text \<open>Since v is the least vertex of J, its sign in any face is 1, and adding v to a face
  not containing it flips the sign of every other vertex; this makes the two terms cancel.\<close>

lemma simplex_bd_cone_homotopy:
  fixes z :: "nat set \<Rightarrow> 'k::comm_ring_1"
  assumes J: "finite J" and v: "v \<in> J" "\<And>j. j \<in> J \<Longrightarrow> v \<le> j" and "\<tau> \<subseteq> J"
  shows "simplex_bd J (cone v z) \<tau> + cone v (simplex_bd J z) \<tau> = z \<tau>"
proof (cases "v \<in> \<tau>")
  case True
  define \<rho> where "\<rho> = \<tau> - {v}"
  have \<tau>: "\<tau> = insert v \<rho>" "v \<notin> \<rho>" using True unfolding \<rho>_def by auto
  have "J - \<rho> = insert v (J - \<tau>)" "v \<notin> J - \<tau>" using v(1) \<tau> by auto
  then have "cone v (simplex_bd J z) \<tau> = z (insert v \<rho>) * sgn_at (insert v \<rho>) v
      + (\<Sum>i\<in>J - \<tau>. z (insert i \<rho>) * sgn_at (insert i \<rho>) i)"
    unfolding cone_def simplex_bd_def \<rho>_def[symmetric] using True J by simp
  then have "cone v (simplex_bd J z) \<tau> = z \<tau> * sgn_at \<tau> v
      + (\<Sum>i\<in>J - \<tau>. z (insert i \<rho>) * sgn_at (insert i \<rho>) i)"
    unfolding \<tau>(1)[symmetric] .
  moreover have "sgn_at \<tau> v = (1 :: 'k)"
    using v(2) \<open>\<tau> \<subseteq> J\<close> by (intro sgn_at_lower_bound) auto
  moreover have "simplex_bd J (cone v z) \<tau> = (\<Sum>i\<in>J - \<tau>. - (z (insert i \<rho>) * sgn_at (insert i \<rho>) i))"
    unfolding simplex_bd_def
  proof (rule sum.cong[OF refl])
    fix i assume "i \<in> J - \<tau>"
    then have "v < i" "i \<notin> \<rho>" using v \<tau> by (auto simp: le_neq_implies_less)
    have "cone v z (insert i \<tau>) = z (insert i \<rho>)"
      unfolding cone_def using \<tau> \<open>v < i\<close> by (auto intro!: arg_cong[where f=z])
    moreover have "sgn_at (insert i \<tau>) i = - (sgn_at (insert i \<rho>) i :: 'k)"
      using \<tau> \<open>v < i\<close> by (simp add: sgn_at_insert_ge sgn_at_insert_less)
    ultimately show "cone v z (insert i \<tau>) * sgn_at (insert i \<tau>) i = - (z (insert i \<rho>) * sgn_at (insert i \<rho>) i)"
      by simp
  qed
  ultimately show ?thesis by (simp add: sum_negf)
next
  case False
  then show ?thesis
    using simplex_bd_cone_apex_notin[OF J v \<open>\<tau> \<subseteq> J\<close> False] by (simp add: cone_def)
qed

lemma chain_on_mono: "K \<subseteq> K' \<Longrightarrow> chain_on K q c \<Longrightarrow> chain_on K' q c"
  unfolding chain_on_def by blast

lemma is_boundary_zero: "is_boundary K q (\<lambda>_. 0 :: 'k::comm_ring_1)"
  unfolding is_boundary_def chain_on_def bd_def by (rule exI[of _ "\<lambda>_. 0"]) simp

lemma simplex_bd_outside:
  assumes "chain_on (Pow J) q b" and "\<not> \<tau> \<subseteq> J"
  shows "simplex_bd J b \<tau> = 0"
proof -
  have "b (insert i \<tau>) = 0" for i
    using assms unfolding chain_on_def by blast
  then show ?thesis unfolding simplex_bd_def by simp
qed

lemma simplex_bd_eq_0_iff:
  fixes c :: "nat set \<Rightarrow> 'k::comm_ring_1"
  assumes J: "finite J" "J \<noteq> {}" and c: "chain_on (Pow J) q c"
  shows "simplex_bd J c = (\<lambda>_. 0) \<longleftrightarrow> (\<exists>b. chain_on (Pow J) (Suc q) b \<and> c = simplex_bd J b)"
proof
  assume cycle: "simplex_bd J c = (\<lambda>_. 0)"
  define v where "v = Min J"
  have v: "v \<in> J" "\<And>j. j \<in> J \<Longrightarrow> v \<le> j" using J by (simp_all add: v_def)
  have cone_chain: "chain_on (Pow J) (Suc q) (cone v c)"
    using J(1) v(1) c by (rule chain_on_cone)
  have "simplex_bd J (cone v c) \<tau> = c \<tau>" for \<tau>
  proof (cases "\<tau> \<subseteq> J")
    case True
    then show ?thesis
      using simplex_bd_cone_homotopy[OF J(1) v True, of c] cycle by (simp add: cone_def)
  next
    case False
    then have "c \<tau> = 0" using c by (auto simp: chain_on_def)
    with False show ?thesis using simplex_bd_outside[OF cone_chain] by simp
  qed
  then have "c = simplex_bd J (cone v c)" by auto
  with cone_chain show "\<exists>b. chain_on (Pow J) (Suc q) b \<and> c = simplex_bd J b" by blast
next
  assume "\<exists>b. chain_on (Pow J) (Suc q) b \<and> c = simplex_bd J b"
  then show "simplex_bd J c = (\<lambda>_. 0)"
    using simplex_bd_simplex_bd[OF J(1)] by auto
qed

section \<open>Skeleta of a simplex\<close>

definition simplex_skeleton :: "nat \<Rightarrow> nat set \<Rightarrow> nat set set" where
  "simplex_skeleton d J = {\<sigma>. \<sigma> \<subseteq> J \<and> card \<sigma> \<le> d + 1}"

lemma skeleton_eq_simplex_skeleton: "skeleton d m = simplex_skeleton d {1..m}"
  unfolding skeleton_def simplex_skeleton_def ..

lemma full_sub_simplex_skeleton: "full_sub (simplex_skeleton d J) I = simplex_skeleton d (J \<inter> I)"
  unfolding full_sub_def simplex_skeleton_def by auto

lemma simplex_skeleton_subset_Pow: "simplex_skeleton d J \<subseteq> Pow J"
  unfolding simplex_skeleton_def by auto

lemma simplex_skeleton_subset_bdry_simplex_iff:
  "simplex_skeleton d L \<subseteq> bdry_simplex L \<longleftrightarrow> d + 1 < card L"
  unfolding simplex_skeleton_def bdry_simplex_def by auto

lemma bdry_simplex_subset_simplex_skeleton_iff:
  assumes "finite L"
  shows "bdry_simplex L \<subseteq> simplex_skeleton d L \<longleftrightarrow> card L \<le> d + 2"
proof
  assume sub: "bdry_simplex L \<subseteq> simplex_skeleton d L"
  show "card L \<le> d + 2"
  proof (rule ccontr)
    assume "\<not> card L \<le> d + 2"
    then have "d + 2 \<le> card L" by simp
    then obtain T where "T \<subseteq> L" "card T = d + 2" by (rule obtain_subset_with_card_n)
    then have "T \<in> bdry_simplex L" "T \<notin> simplex_skeleton d L"
      using \<open>\<not> card L \<le> d + 2\<close> by (auto simp: bdry_simplex_def simplex_skeleton_def)
    with sub show False by blast
  qed
next
  assume "card L \<le> d + 2"
  show "bdry_simplex L \<subseteq> simplex_skeleton d L"
  proof
    fix S assume "S \<in> bdry_simplex L"
    then have "S \<subset> L" by (simp add: bdry_simplex_def)
    with psubset_card_mono[OF assms this] \<open>card L \<le> d + 2\<close>
    show "S \<in> simplex_skeleton d L" by (simp add: simplex_skeleton_def)
  qed
qed

lemma bdry2_simplex_subset_simplex_skeleton_iff:
  assumes "finite L"
  shows "bdry2_simplex L \<subseteq> simplex_skeleton d L \<longleftrightarrow> card L \<le> d + 3"
proof
  assume sub: "bdry2_simplex L \<subseteq> simplex_skeleton d L"
  show "card L \<le> d + 3"
  proof (rule ccontr)
    assume "\<not> card L \<le> d + 3"
    then have "d + 2 \<le> card L" by simp
    then obtain T where "T \<subseteq> L" "card T = d + 2" by (rule obtain_subset_with_card_n)
    then have "T \<in> bdry2_simplex L" "T \<notin> simplex_skeleton d L"
      using card_Diff_subset[OF finite_subset[OF \<open>T \<subseteq> L\<close> assms] \<open>T \<subseteq> L\<close>] \<open>\<not> card L \<le> d + 3\<close>
      by (auto simp: bdry2_simplex_def simplex_skeleton_def)
    with sub show False by blast
  qed
next
  assume "card L \<le> d + 3"
  show "bdry2_simplex L \<subseteq> simplex_skeleton d L"
  proof
    fix S assume "S \<in> bdry2_simplex L"
    then have "S \<subseteq> L" "2 \<le> card (L - S)" by (auto simp: bdry2_simplex_def)
    then show "S \<in> simplex_skeleton d L"
      using card_Diff_subset[OF finite_subset[OF \<open>S \<subseteq> L\<close> assms] \<open>S \<subseteq> L\<close>] \<open>card L \<le> d + 3\<close>
      by (auto simp: simplex_skeleton_def)
  qed
qed

lemma MF_simplex_skeleton:
  assumes "finite J"
  shows "MF (simplex_skeleton d J) J = {I. I \<subseteq> J \<and> card I = d + 2}"
proof -
  have "simplex_skeleton d I = bdry_simplex I \<longleftrightarrow> card I = d + 2" if "I \<subseteq> J" for I
    using finite_subset[OF that assms] simplex_skeleton_subset_bdry_simplex_iff[of d I]
      bdry_simplex_subset_simplex_skeleton_iff[of I d] by auto
  moreover have "J \<inter> I = I" if "I \<subseteq> J" for I using that by blast
  ultimately show ?thesis
    unfolding MF_def full_sub_simplex_skeleton by (intro Collect_cong) metis
qed

lemma AMF_simplex_skeleton:
  assumes "finite J"
  shows "AMF (simplex_skeleton d J) J = {L. L \<subseteq> J \<and> card L = d + 3}"
proof -
  have "bdry2_simplex L \<subseteq> simplex_skeleton d L \<and> simplex_skeleton d L \<subset> bdry_simplex L
      \<longleftrightarrow> card L = d + 3" if "L \<subseteq> J" for L
    using finite_subset[OF that assms] simplex_skeleton_subset_bdry_simplex_iff[of d L]
      bdry_simplex_subset_simplex_skeleton_iff[of L d] bdry2_simplex_subset_simplex_skeleton_iff[of L d]
    by (auto simp: psubset_eq)
  moreover have "J \<inter> L = L" if "L \<subseteq> J" for L using that by blast
  ultimately show ?thesis
    unfolding AMF_def full_sub_simplex_skeleton by (intro Collect_cong) metis
qed

lemma rho_coef_eq_bd_elem: "(\<And>i. i \<in> L \<Longrightarrow> L - {i} \<notin> K) \<Longrightarrow> rho_coef K L = bd_elem L"
  unfolding rho_coef_def bd_elem_def by (intro ext sum.cong) auto

lemma chain_on_simplex_skeleton_iff:
  "q \<le> d + 1 \<Longrightarrow> chain_on (simplex_skeleton d J) q c \<longleftrightarrow> chain_on (Pow J) q c"
  unfolding chain_on_def simplex_skeleton_def by auto

lemma chain_on_simplex_skeleton_above:
  "d + 1 < q \<Longrightarrow> chain_on (simplex_skeleton d J) q c \<longleftrightarrow> c = (\<lambda>_. 0)"
  unfolding chain_on_def simplex_skeleton_def by (fastforce simp: fun_eq_iff)

lemma is_boundary_simplex_skeleton_iff_zero:
  fixes z :: "nat set \<Rightarrow> 'k::comm_ring_1"
  assumes "d < q"
  shows "is_boundary (simplex_skeleton d J) q z \<longleftrightarrow> z = (\<lambda>_. 0)"
  using assms chain_on_simplex_skeleton_above[of d "Suc q" J] is_boundary_zero
  by (auto simp: is_boundary_def bd_def)

lemma is_boundary_simplex_skeleton_iff:
  fixes z :: "nat set \<Rightarrow> 'k::comm_ring_1"
  assumes "finite J" and "q \<le> d"
  shows "is_boundary (simplex_skeleton d J) q z
    \<longleftrightarrow> (\<exists>b. chain_on (Pow J) (Suc q) b \<and> z = simplex_bd J b)"
proof -
  have "bd (simplex_skeleton d J) b = simplex_bd J b" if "chain_on (Pow J) (Suc q) b" for b :: "nat set \<Rightarrow> 'k"
    using that assms by (intro bd_eq_simplex_bd simplex_skeleton_subset_Pow)
      (auto simp: chain_on_def simplex_skeleton_def)
  then show ?thesis
    using assms(2) chain_on_simplex_skeleton_iff[of "Suc q" d J] by (auto simp: is_boundary_def)
qed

====

→ **Brief**
Copy out each line of the data that holds the string "cycle".

→ **Finished task**
  assume cycle: "simplex_bd J c = (\<lambda>_. 0)"
      using simplex_bd_cone_homotopy[OF J(1) v True, of c] cycle by (simp add: cone_def)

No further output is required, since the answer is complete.